PROBLEM STATEMENT — State how many lines of the data below hold the string "shows", giving nothing but the number.

SOURCE MATERIAL —
-----
lemma set_nn_integral_mu_alpha_ceiling_level_finite:
  fixes \<sigma> :: "complex ^ 'n \<Rightarrow> real"
  assumes [measurable]: "\<sigma> \<in> borel_measurable lebesgue" and \<sigma>_nonneg: "\<And>z. 0 \<le> \<sigma> z"
  shows "(\<integral>\<^sup>+z\<in>{z. nat \<lceil>\<sigma> z * mu_alpha_density \<alpha> z\<rceil> = k}. \<sigma> z \<partial>mu_alpha \<alpha>) < \<infinity>"
proof -
  let ?L = "{z. nat \<lceil>\<sigma> z * mu_alpha_density \<alpha> z\<rceil> = k}"
  have [measurable]: "?L \<in> sets lebesgue"
    using measurable_sets[OF measurable_nat_ceiling,
        of "\<lambda>z. \<sigma> z * mu_alpha_density \<alpha> z" lebesgue "{k}"]
    by (simp add: vimage_def)
  have "(\<integral>\<^sup>+z\<in>?L. \<sigma> z \<partial>mu_alpha \<alpha>)
      = (\<integral>\<^sup>+z. ennreal (mu_alpha_density \<alpha> z) * (ennreal (\<sigma> z) * indicator ?L z) \<partial>lebesgue)"
    by (rule nn_integral_mu_alpha) measurable
  also have "\<dots> \<le> (\<integral>\<^sup>+z. ennreal (real k) * indicator (unit_ball :: (complex ^ 'n) set) z \<partial>lebesgue)"
  proof (rule nn_integral_mono)
    fix z
    have "\<sigma> z * mu_alpha_density \<alpha> z \<le> real (nat \<lceil>\<sigma> z * mu_alpha_density \<alpha> z\<rceil>)"
      by (rule real_nat_ceiling_ge)
    then show "ennreal (mu_alpha_density \<alpha> z) * (ennreal (\<sigma> z) * indicator ?L z)
        \<le> ennreal (real k) * indicator unit_ball z"
      using \<sigma>_nonneg[of z] mu_alpha_density_nonneg[of \<alpha> z] mu_alpha_density_outside[of z \<alpha>]
      by (cases "z \<in> unit_ball") (auto simp: ennreal_mult[symmetric] mult.commute ennreal_leI
          split: split_indicator)
  qed
  also have "\<dots> = ennreal (real k) * emeasure lebesgue (unit_ball :: (complex ^ 'n) set)"
    by (rule nn_integral_cmult_indicator) measurable
  also have "\<dots> < \<infinity>"
    using fmeasurableD2[OF unit_ball_lmeasurable[where 'n = 'n]]
    by (simp add: ennreal_mult_less_top less_top)
  finally show ?thesis .
qed

lemma dual_weight_nn_integral_finite:
  fixes w p :: "complex ^ 'n \<Rightarrow> real"
  assumes [measurable]: "w \<in> borel_measurable lebesgue" "p \<in> borel_measurable lebesgue"
    and "1 < r" and AE_ball: "AE z in lebesgue. z \<in> unit_ball \<longrightarrow> 0 < w z \<and> r \<le> p z"
    and P_plus_finite: "\<forall>f. in_Lvar \<alpha> p w f \<longrightarrow> (\<forall>z\<in>unit_ball. P_plus \<alpha> (\<lambda>\<zeta>. cmod (f \<zeta>)) z < \<infinity>)"
  shows "(\<integral>\<^sup>+z. w z powr (-1 / (p z - 1)) \<partial>mu_alpha \<alpha>) < \<infinity>"
proof (rule ccontr)
  define \<sigma> where "\<sigma> z = w z powr (-1 / (p z - 1))" for z
  define J where "J z = nat \<lceil>\<sigma> z * mu_alpha_density \<alpha> z\<rceil>" for z
  have [measurable]: "\<sigma> \<in> borel_measurable lebesgue" unfolding \<sigma>_def by measurable
  have [measurable]: "J \<in> measurable (mu_alpha \<alpha>) (count_space UNIV)" unfolding J_def by measurable
  assume "\<not> (\<integral>\<^sup>+z. w z powr (-1 / (p z - 1)) \<partial>mu_alpha \<alpha>) < \<infinity>"
  then have "(\<integral>\<^sup>+z. \<sigma> z \<partial>mu_alpha \<alpha>) = \<infinity>" by (simp add: \<sigma>_def less_top[symmetric])
  moreover have "(\<integral>\<^sup>+z\<in>{z \<in> space (mu_alpha \<alpha>). J z = k}. \<sigma> z \<partial>mu_alpha \<alpha>) < \<infinity>" for k
    using set_nn_integral_mu_alpha_ceiling_level_finite[of \<sigma>] by (simp add: J_def \<sigma>_def)
  ultimately obtain a :: "nat \<Rightarrow> real" where a_pos: "\<And>k. 0 < a k" and a_le_1: "\<And>k. a k \<le> 1"
    and not_integrable: "(\<integral>\<^sup>+z. ennreal (\<sigma> z * a (J z)) \<partial>mu_alpha \<alpha>) = \<infinity>"
    and powr_integrable: "(\<integral>\<^sup>+z. ennreal (\<sigma> z * a (J z) powr r) \<partial>mu_alpha \<alpha>) < \<infinity>"
    using nn_integral_infinite_obtains_summable_powr_rescaling[of \<sigma> "mu_alpha \<alpha>" J r] \<open>1 < r\<close>
    by (auto simp: \<sigma>_def)
  define f where "f z = complex_of_real (\<sigma> z * a (J z))" for z
  have norm_f: "cmod (f z) = \<sigma> z * a (J z)" for z
    using a_pos[of "J z"] by (simp add: f_def \<sigma>_def norm_mult)
  have "in_Lvar \<alpha> p w f"
    unfolding in_Lvar_def
  proof (intro conjI exI[of _ 1])
    show "f \<in> borel_measurable lebesgue" unfolding f_def J_def by measurable
    have "modular \<alpha> p w (\<lambda>z. f z / complex_of_real 1)
        \<le> (\<integral>\<^sup>+z. ennreal (\<sigma> z * a (J z) powr r) \<partial>mu_alpha \<alpha>)"
      unfolding modular_def
    proof (rule nn_integral_mono_AE)
      show "AE z in mu_alpha \<alpha>. ennreal (cmod (f z / complex_of_real 1) powr p z * w z)
          \<le> ennreal (\<sigma> z * a (J z) powr r)"
        unfolding AE_mu_alpha_iff using AE_ball
      proof eventually_elim
        case (elim z)
        have "(\<sigma> z * a (J z)) powr p z * w z \<le> \<sigma> z * a (J z) powr r" if "z \<in> unit_ball"
          unfolding \<sigma>_def using elim that \<open>1 < r\<close> a_pos a_le_1 by (intro dual_weight_powr_le) auto
        then show ?case by (auto intro: ennreal_leI simp: norm_f)
      qed
    qed
    with powr_integrable show "modular \<alpha> p w (\<lambda>z. f z / complex_of_real 1) < \<infinity>" by simp
  qed simp
  then show False
    using nn_integral_mu_alpha_finite_if_P_plus_finite[OF P_plus_finite, of f] not_integrable
    by (simp add: norm_f)
qed

theorem propositionl1:
  fixes w p :: "complex ^ 'n \<Rightarrow> real" and \<alpha> :: real
  assumes "0 < \<alpha>"
    and "is_weight w"
    and "is_exponent p"
    and "ess_inf_ball p > 1"
    and "\<forall>f. in_Lvar \<alpha> p w f \<longrightarrow> (\<forall>z\<in>unit_ball. P_plus \<alpha> (\<lambda>\<zeta>. cmod (f \<zeta>)) z < \<infinity>)"
  shows "(AE z in lebesgue. z \<in> unit_ball \<longrightarrow> 0 < w z) \<and>
         in_Lvar \<alpha> (conj_exp p) (\<lambda>_. 1) (\<lambda>z. complex_of_real (w z powr (- 1 / p z)))"
proof
  have [measurable]: "w \<in> borel_measurable lebesgue" "p \<in> borel_measurable lebesgue"
    and w_nonneg: "\<forall>z\<in>unit_ball. 0 \<le> w z"
    using assms(2,3) by (auto simp: is_weight_def is_exponent_def)
  show w_pos: "AE z in lebesgue. z \<in> unit_ball \<longrightarrow> 0 < w z"
    by (rule weight_pos_AE_if_P_plus_finite[OF _ w_nonneg assms(5)]) measurable
  obtain r where "1 < r" and "AE z in lebesgue. z \<in> unit_ball \<longrightarrow> r \<le> p z"
    using assms(4) unfolding ess_inf_ball_def less_SUP_iff by auto
  with w_pos have AE_ball: "AE z in lebesgue. z \<in> unit_ball \<longrightarrow> 0 < w z \<and> r \<le> p z"
    by eventually_elim blast
  have "modular \<alpha> (conj_exp p) (\<lambda>_. 1)
        (\<lambda>z. complex_of_real (w z powr (- 1 / p z)) / complex_of_real 1)
      = (\<integral>\<^sup>+z. w z powr (-1 / (p z - 1)) \<partial>mu_alpha \<alpha>)"
    unfolding modular_def using AE_ball \<open>1 < r\<close>
    by (intro nn_integral_cong_AE) (auto simp: AE_mu_alpha_iff conj_exp_def powr_powr elim!: AE_mp)
  also have "\<dots> < \<infinity>"
    by (rule dual_weight_nn_integral_finite[OF _ _ \<open>1 < r\<close> AE_ball assms(5)]) measurable
  finally show "in_Lvar \<alpha> (conj_exp p) (\<lambda>_. 1) (\<lambda>z. complex_of_real (w z powr (- 1 / p z)))"
    unfolding in_Lvar_def by (intro conjI exI[of _ 1]) simp_all
qed

end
-----
OUTPUT OF THE TASK — 3